_Work to complete:_ Word for word, transcribe the data below from the line with "of_int ((\<Sum>k=1..N. \<sigma>" to the line with "bracket_exp N M d p (J1", keeping both of those lines.

_Provided data:_
########################################

(* Let $N\ge2$, $M\ge2$, $d\ge2$. Let $W$ be a random variable with distribution $p(w)$ and let the measurement settings $\boldsymbol{x}\in\{1,\dots,M\}^N$ be chosen with conditional probabilities $p(\boldsymbol{x}|w)$, such that the resulting probabilities $p(\boldsymbol{x})=\sum_w p(w)p(\boldsymbol{x}|w)$ are all equal. Suppose that for each $w$ the outcomes $\boldsymbol{a}\in\mathbb{Z}_d^N$ follow a nonsignalling distribution $\{p(\boldsymbol{a}|\boldsymbol{x},w)\}_{\boldsymbol{a},\boldsymbol{x}}$. Let $p(w|\boldsymbol{x})=p(\boldsymbol{x}|w)p(w)/p(\boldsymbol{x})$, the observed distribution $p(\boldsymbol{a}|\boldsymbol{x})=\sum_wp(w|\boldsymbol{x})p(\boldsymbol{a}|\boldsymbol{x},w)$, and $p(a_k,w|\boldsymbol{x})=p(w|\boldsymbol{x})p(a_k|\boldsymbol{x},w)$ with $p(a_k|\boldsymbol{x},w)$ the marginal of party $k$. Then for every $k=1,\dots,N$ and every $\boldsymbol{x}$, $$\frac12\sum_{a_k,w}\Big|p(a_k,w|\boldsymbol{x})-\tfrac1d\,p(w|\boldsymbol{x})\Big|\le\frac{(d-1)^2+1}{2d}\,\widetilde{Q}_M(\boldsymbol{x})\,I^{N,M,d}_{\mathsf{A}},$$ where $I^{N,M,d}_{\mathsf{A}}$ is evaluated on the observed distribution, $\widetilde{Q}_M(\boldsymbol{x})=\max_w\big[p(\boldsymbol{x}|w)/\widetilde{p}_{\min}(w)\big]$ and $\widetilde{p}_{\min}(w)=\min_{\boldsymbol{x}'}p(\boldsymbol{x}'|w)$, the minimum taken over the settings $\boldsymbol{x}'$ appearing in $I^{N,M,d}_{\mathsf{A}}$.
   Context: Notation: $[\Omega]$ is $\Omega$ mod $d$, $\langle[\Omega]\rangle=\sum_{i=0}^{d-1}iP([\Omega]=i)$. For a party $X$ with observables $X_1,\dots,X_M$, $X_{iM+\gamma}:=[X_\gamma+i]$ for $\gamma\in\{1,\dots,M\}$. The Bell expression $I^{N,M,d}_{\mathsf{A}}$ for parties $A^{(1)},\dots,A^{(N)}$: for $N=2$, $I^{2,M,d}=\sum_{\alpha=1}^M\big(\langle[A^{(1)}_\alpha-A^{(2)}_\alpha]\rangle+\langle[A^{(2)}_\alpha-A^{(1)}_{\alpha+1}]\rangle\big)$ (settings appearing: $(\alpha,\alpha)$ and $(\alpha+1\bmod M,\alpha)$); in general $I^{N,M,d}=\frac{1}{M^{N-2}}\sum_{\alpha_1,\dots,\alpha_{N-1}=1}^{M}\big(\langle[A^{(1)}_{\alpha_1}+S]\rangle+\langle[-A^{(1)}_{\alpha_1+1}-S]\rangle\big)$ with $S=\sum_{k=2}^{N-1}(-1)^{k-1}A^{(k)}_{\alpha_{k-1}+\alpha_k-1}+(-1)^{N-1}A^{(N)}_{\alpha_{N-1}}$ (for $N=2$, $S=-A^{(2)}_{\alpha_1}$), i.e. the recursion $I^{N}=\frac1M\sum_{\alpha_{N-1}}I^{N-1}(\alpha_{N-1})\circ A^{(N)}_{\alpha_{N-1}}$ with the last party's index relabelled $\alpha_{N-2}\to\alpha_{N-2}+\alpha_{N-1}-1$ and $A^{(N)}$ inserted with sign opposite to $A^{(N-1)}$. Local bound $d-1$, minimal nonsignalling value $0$. Settings "appearing in" $I^{N,M,d}$ are the setting tuples (indices reduced mod $M$) whose joint distributions enter some bracket. *)

theory Defs
  imports Complex_Main "HOL-Library.FuncSet"
begin

definition settings_space :: "nat \<Rightarrow> nat \<Rightarrow> (nat \<Rightarrow> nat) set" where
  "settings_space N M = PiE {1..N} (\<lambda>_. {1..M})"

definition outcomes_space :: "nat \<Rightarrow> nat \<Rightarrow> (nat \<Rightarrow> nat) set" where
  "outcomes_space N d = PiE {1..N} (\<lambda>_. {0..<d})"

text \<open>Observable index j = i*M + gamma (gamma in 1..M) denotes [X_gamma + i].\<close>
definition sidx :: "nat \<Rightarrow> nat \<Rightarrow> nat" where
  "sidx M j = (j - 1) mod M + 1"

definition sshift :: "nat \<Rightarrow> nat \<Rightarrow> nat" where
  "sshift M j = (j - 1) div M"

definition bracket_setting :: "nat \<Rightarrow> nat \<Rightarrow> (nat \<Rightarrow> nat) \<Rightarrow> (nat \<Rightarrow> nat)" where
  "bracket_setting N M J = (\<lambda>k\<in>{1..N}. sidx M (J k))"

text \<open>The expectation of [sum_k sigma_k A^(k)_(J k)] for a behaviour p (p x a = p(a|x)).\<close>
definition bracket_exp ::
  "nat \<Rightarrow> nat \<Rightarrow> nat \<Rightarrow> ((nat \<Rightarrow> nat) \<Rightarrow> (nat \<Rightarrow> nat) \<Rightarrow> real) \<Rightarrow> (nat \<Rightarrow> nat) \<Rightarrow> (nat \<Rightarrow> int) \<Rightarrow> real" where
  "bracket_exp N M d p J \<sigma> =
     (\<Sum>a\<in>outcomes_space N d. p (bracket_setting N M J) a *
        of_int ((\<Sum>k=1..N. \<sigma> k * (int (a k) + int (sshift M (J k)))) mod int d))"

text \<open>Indices for the first bracket [A^(1)_{alpha_1} + S] and second bracket [-A^(1)_{alpha_1+1} - S].\<close>
definition J1 :: "nat \<Rightarrow> (nat \<Rightarrow> nat) \<Rightarrow> nat \<Rightarrow> nat" where
  "J1 N \<alpha> k = (if k = 1 then \<alpha> 1 else if k = N then \<alpha> (N - 1) else \<alpha> (k - 1) + \<alpha> k - 1)"

definition J2 :: "nat \<Rightarrow> (nat \<Rightarrow> nat) \<Rightarrow> nat \<Rightarrow> nat" where
  "J2 N \<alpha> k = (if k = 1 then \<alpha> 1 + 1 else J1 N \<alpha> k)"

definition sgn1 :: "nat \<Rightarrow> int" where
  "sgn1 k = (-1) ^ (k - 1)"

definition alpha_space :: "nat \<Rightarrow> nat \<Rightarrow> (nat \<Rightarrow> nat) set" where
  "alpha_space N M = PiE {1..N - 1} (\<lambda>_. {1..M})"

definition bell_I :: "nat \<Rightarrow> nat \<Rightarrow> nat \<Rightarrow> ((nat \<Rightarrow> nat) \<Rightarrow> (nat \<Rightarrow> nat) \<Rightarrow> real) \<Rightarrow> real" where
  "bell_I N M d p = (1 / real M ^ (N - 2)) *
     (\<Sum>\<alpha>\<in>alpha_space N M.
        bracket_exp N M d p (J1 N \<alpha>) sgn1 + bracket_exp N M d p (J2 N \<alpha>) (\<lambda>k. - sgn1 k))"

definition settings_appearing :: "nat \<Rightarrow> nat \<Rightarrow> (nat \<Rightarrow> nat) set" where
  "settings_appearing N M =
     (\<lambda>\<alpha>. bracket_setting N M (J1 N \<alpha>)) ` alpha_space N M \<union>
     (\<lambda>\<alpha>. bracket_setting N M (J2 N \<alpha>)) ` alpha_space N M"

definition nonsignalling ::
  "nat \<Rightarrow> nat \<Rightarrow> nat \<Rightarrow> ((nat \<Rightarrow> nat) \<Rightarrow> (nat \<Rightarrow> nat) \<Rightarrow> real) \<Rightarrow> bool" where
  "nonsignalling N M d p \<longleftrightarrow>
     (\<forall>k\<in>{1..N}. \<forall>x\<in>settings_space N M. \<forall>x'\<in>settings_space N M.
        (\<forall>j\<in>{1..N}. j \<noteq> k \<longrightarrow> x j = x' j) \<longrightarrow>
        (\<forall>a\<in>outcomes_space N d.
           (\<Sum>b<d. p x (a(k := b))) = (\<Sum>b<d. p x' (a(k := b)))))"

definition p_x :: "'w set \<Rightarrow> ('w \<Rightarrow> real) \<Rightarrow> ('w \<Rightarrow> (nat \<Rightarrow> nat) \<Rightarrow> real) \<Rightarrow> (nat \<Rightarrow> nat) \<Rightarrow> real" where
  "p_x W pw pxw x = (\<Sum>w\<in>W. pw w * pxw w x)"

definition p_w_given_x :: "'w set \<Rightarrow> ('w \<Rightarrow> real) \<Rightarrow> ('w \<Rightarrow> (nat \<Rightarrow> nat) \<Rightarrow> real) \<Rightarrow> 'w \<Rightarrow> (nat \<Rightarrow> nat) \<Rightarrow> real" where
  "p_w_given_x W pw pxw w x = pxw w x * pw w / p_x W pw pxw x"

definition observed ::
  "'w set \<Rightarrow> ('w \<Rightarrow> real) \<Rightarrow> ('w \<Rightarrow> (nat \<Rightarrow> nat) \<Rightarrow> real) \<Rightarrow> ('w \<Rightarrow> (nat \<Rightarrow> nat) \<Rightarrow> (nat \<Rightarrow> nat) \<Rightarrow> real)
     \<Rightarrow> (nat \<Rightarrow> nat) \<Rightarrow> (nat \<Rightarrow> nat) \<Rightarrow> real" where
  "observed W pw pxw P x a = (\<Sum>w\<in>W. p_w_given_x W pw pxw w x * P w x a)"

definition marginal :: "nat \<Rightarrow> nat \<Rightarrow> ((nat \<Rightarrow> nat) \<Rightarrow> (nat \<Rightarrow> nat) \<Rightarrow> real) \<Rightarrow> (nat \<Rightarrow> nat) \<Rightarrow> nat \<Rightarrow> nat \<Rightarrow> real" where
  "marginal N d p x k b = (\<Sum>a\<in>{a\<in>outcomes_space N d. a k = b}. p x a)"

definition p_tilde_min :: "nat \<Rightarrow> nat \<Rightarrow> ('w \<Rightarrow> (nat \<Rightarrow> nat) \<Rightarrow> real) \<Rightarrow> 'w \<Rightarrow> real" where
  "p_tilde_min N M pxw w = Min ((pxw w) ` settings_appearing N M)"

definition Q_tilde :: "nat \<Rightarrow> nat \<Rightarrow> 'w set \<Rightarrow> ('w \<Rightarrow> (nat \<Rightarrow> nat) \<Rightarrow> real) \<Rightarrow> (nat \<Rightarrow> nat) \<Rightarrow> real" where
  "Q_tilde N M W pxw x = Max ((\<lambda>w. pxw w x / p_tilde_min N M pxw w) ` W)"

end

theory Submission
  imports Defs
begin

text \<open>For a single nonsignalling box, pair the first bracket of each summation tuple \<open>\<alpha>\<close> with
  the second bracket of a relabelled tuple. By subadditivity of \<open>[\<cdot>]\<close> and nonsignalling all
  parties but \<open>k\<close> cancel, and the remaining contributions of party \<open>k\<close> telescope over one
  period of its observable index to \<open>d \<cdot> p(a\<^sub>k = s | x) - 1\<close>. So \<open>d \<cdot> p(a\<^sub>k = s | x) - 1 \<le> I\<close> for
  every \<open>s\<close>, which bounds the distance of the marginal of party \<open>k\<close> from uniform by
  \<open>(d - 1)/d \<cdot> I\<close>. For the mixture, every bracket of the observed \<open>I\<close> dominates the
  \<open>p\<^sub>m\<^sub>i\<^sub>n(w) p(w) / p(x)\<close>-weighted brackets of the boxes, and these weights are at least
  \<open>p(w|x) / Q\<^sub>M(x)\<close>.\<close>

lemma sum_PiE_insert:
  assumes "x \<notin> S" "finite S" "\<And>i. i \<in> insert x S \<Longrightarrow> finite (T i)"
  shows "(\<Sum>f\<in>PiE (insert x S) T. g f) = (\<Sum>h\<in>PiE S T. \<Sum>y\<in>T x. g (h(x := y)))"
proof -
  have "(\<Sum>f\<in>PiE (insert x S) T. g f) = (\<Sum>p\<in>T x \<times> PiE S T. g ((\<lambda>(y, h). h(x := y)) p))"
    unfolding PiE_insert_eq by (rule sum.reindex[OF inj_combinator[OF assms(1)], unfolded comp_def])
  also have "\<dots> = (\<Sum>y\<in>T x. \<Sum>h\<in>PiE S T. g (h(x := y)))"
    by (simp add: sum.cartesian_product split_def)
  also have "\<dots> = (\<Sum>h\<in>PiE S T. \<Sum>y\<in>T x. g (h(x := y)))"
    by (rule sum.swap)
  finally show ?thesis .
qed

lemma finite_outcomes_space: "finite (outcomes_space N d)"
  unfolding outcomes_space_def by (rule finite_PiE) auto

lemma finite_alpha_space: "finite (alpha_space N M)"
  unfolding alpha_space_def by (rule finite_PiE) auto

lemma outcomes_space_lessD: "a \<in> outcomes_space N d \<Longrightarrow> k \<in> {1..N} \<Longrightarrow> a k < d"
  unfolding outcomes_space_def by auto

lemma settings_space_fun_upd:
  "x \<in> settings_space N M \<Longrightarrow> k \<in> {1..N} \<Longrightarrow> v \<in> {1..M} \<Longrightarrow> x(k := v) \<in> settings_space N M"
  unfolding settings_space_def by (auto simp: PiE_iff extensional_def)

lemma settings_space_eqI:
  "x \<in> settings_space N M \<Longrightarrow> y \<in> settings_space N M \<Longrightarrow> (\<And>j. j \<in> {1..N} \<Longrightarrow> x j = y j) \<Longrightarrow> x = y"
  unfolding settings_space_def by (rule PiE_ext)

lemma sum_outcomes_space_split_party:
  assumes "k \<in> {1..N}"
  shows "(\<Sum>a\<in>outcomes_space N d. f a) =
    (\<Sum>h\<in>PiE ({1..N} - {k}) (\<lambda>_. {0..<d}). \<Sum>b<d. f (h(k := b)))"
proof -
  have "outcomes_space N d = PiE (insert k ({1..N} - {k})) (\<lambda>_. {0..<d})"
    using assms unfolding outcomes_space_def by (simp add: insert_absorb)
  then have "(\<Sum>a\<in>outcomes_space N d. f a) =
      (\<Sum>h\<in>PiE ({1..N} - {k}) (\<lambda>_. {0..<d}). \<Sum>b\<in>{0..<d}. f (h(k := b)))"
    by (simp only:) (rule sum_PiE_insert; simp)
  then show ?thesis
    by (simp only: atLeast0LessThan)
qed

lemma sum_outcomes_space_party:
  assumes "k \<in> {1..N}"
  shows "(\<Sum>a\<in>outcomes_space N d. p x a * F (a k)) = (\<Sum>b<d. F b * marginal N d p x k b)"
proof -
  have img: "(\<lambda>a. a k) ` outcomes_space N d \<subseteq> {..<d}"
    using assms outcomes_space_lessD by blast
  have "(\<Sum>b<d. F b * marginal N d p x k b)
      = (\<Sum>b<d. \<Sum>a\<in>{a\<in>outcomes_space N d. a k = b}. p x a * F (a k))"
    unfolding marginal_def by (auto simp: sum_distrib_left mult.commute intro!: sum.cong)
  also have "\<dots> = (\<Sum>a\<in>outcomes_space N d. p x a * F (a k))"
    by (rule sum.group[OF finite_outcomes_space _ img]) simp
  finally show ?thesis by simp
qed

lemma sum_marginal:
  "k \<in> {1..N} \<Longrightarrow> (\<Sum>b<d. marginal N d p x k b) = (\<Sum>a\<in>outcomes_space N d. p x a)"
  using sum_outcomes_space_party[of k N p x "\<lambda>_. 1" d] by simp

lemma nonsignalling_sum_eq:
  assumes ns: "nonsignalling N M d p" and d: "d > 0" and k: "k \<in> {1..N}"
    and x: "x \<in> settings_space N M" and x': "x' \<in> settings_space N M"
    and agree: "\<And>j. j \<in> {1..N} \<Longrightarrow> j \<noteq> k \<Longrightarrow> x j = x' j"
    and g: "\<And>a c. g (a(k := c)) = g a"
  shows "(\<Sum>a\<in>outcomes_space N d. p x a * g a) = (\<Sum>a\<in>outcomes_space N d. p x' a * g a)"
proof -
  have split: "(\<Sum>a\<in>outcomes_space N d. p y a * g a) =
     (\<Sum>h\<in>PiE ({1..N} - {k}) (\<lambda>_. {0..<d}). g h * (\<Sum>b<d. p y (h(k := b))))" for y
    unfolding sum_outcomes_space_split_party[OF k] g by (simp add: sum_distrib_left mult.commute)
  have "(\<Sum>b<d. p x (h(k := b))) = (\<Sum>b<d. p x' (h(k := b)))"
    if h: "h \<in> PiE ({1..N} - {k}) (\<lambda>_. {0..<d})" for h
  proof -
    have "h(k := 0) \<in> outcomes_space N d"
      using h d k unfolding outcomes_space_def by (auto simp: PiE_iff extensional_def)
    with ns k x x' agree show ?thesis
      unfolding nonsignalling_def by fastforce
  qed
  then show ?thesis
    unfolding split by (intro sum.cong) auto
qed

########################################

_Response to this exercise:_
        of_int ((\<Sum>k=1..N. \<sigma> k * (int (a k) + int (sshift M (J k)))) mod int d))"

text \<open>Indices for the first bracket [A^(1)_{alpha_1} + S] and second bracket [-A^(1)_{alpha_1+1} - S].\<close>
definition J1 :: "nat \<Rightarrow> (nat \<Rightarrow> nat) \<Rightarrow> nat \<Rightarrow> nat" where
  "J1 N \<alpha> k = (if k = 1 then \<alpha> 1 else if k = N then \<alpha> (N - 1) else \<alpha> (k - 1) + \<alpha> k - 1)"

definition J2 :: "nat \<Rightarrow> (nat \<Rightarrow> nat) \<Rightarrow> nat \<Rightarrow> nat" where
  "J2 N \<alpha> k = (if k = 1 then \<alpha> 1 + 1 else J1 N \<alpha> k)"

definition sgn1 :: "nat \<Rightarrow> int" where
  "sgn1 k = (-1) ^ (k - 1)"

definition alpha_space :: "nat \<Rightarrow> nat \<Rightarrow> (nat \<Rightarrow> nat) set" where
  "alpha_space N M = PiE {1..N - 1} (\<lambda>_. {1..M})"

definition bell_I :: "nat \<Rightarrow> nat \<Rightarrow> nat \<Rightarrow> ((nat \<Rightarrow> nat) \<Rightarrow> (nat \<Rightarrow> nat) \<Rightarrow> real) \<Rightarrow> real" where
  "bell_I N M d p = (1 / real M ^ (N - 2)) *
     (\<Sum>\<alpha>\<in>alpha_space N M.
        bracket_exp N M d p (J1 N \<alpha>) sgn1 + bracket_exp N M d p (J2 N \<alpha>) (\<lambda>k. - sgn1 k))"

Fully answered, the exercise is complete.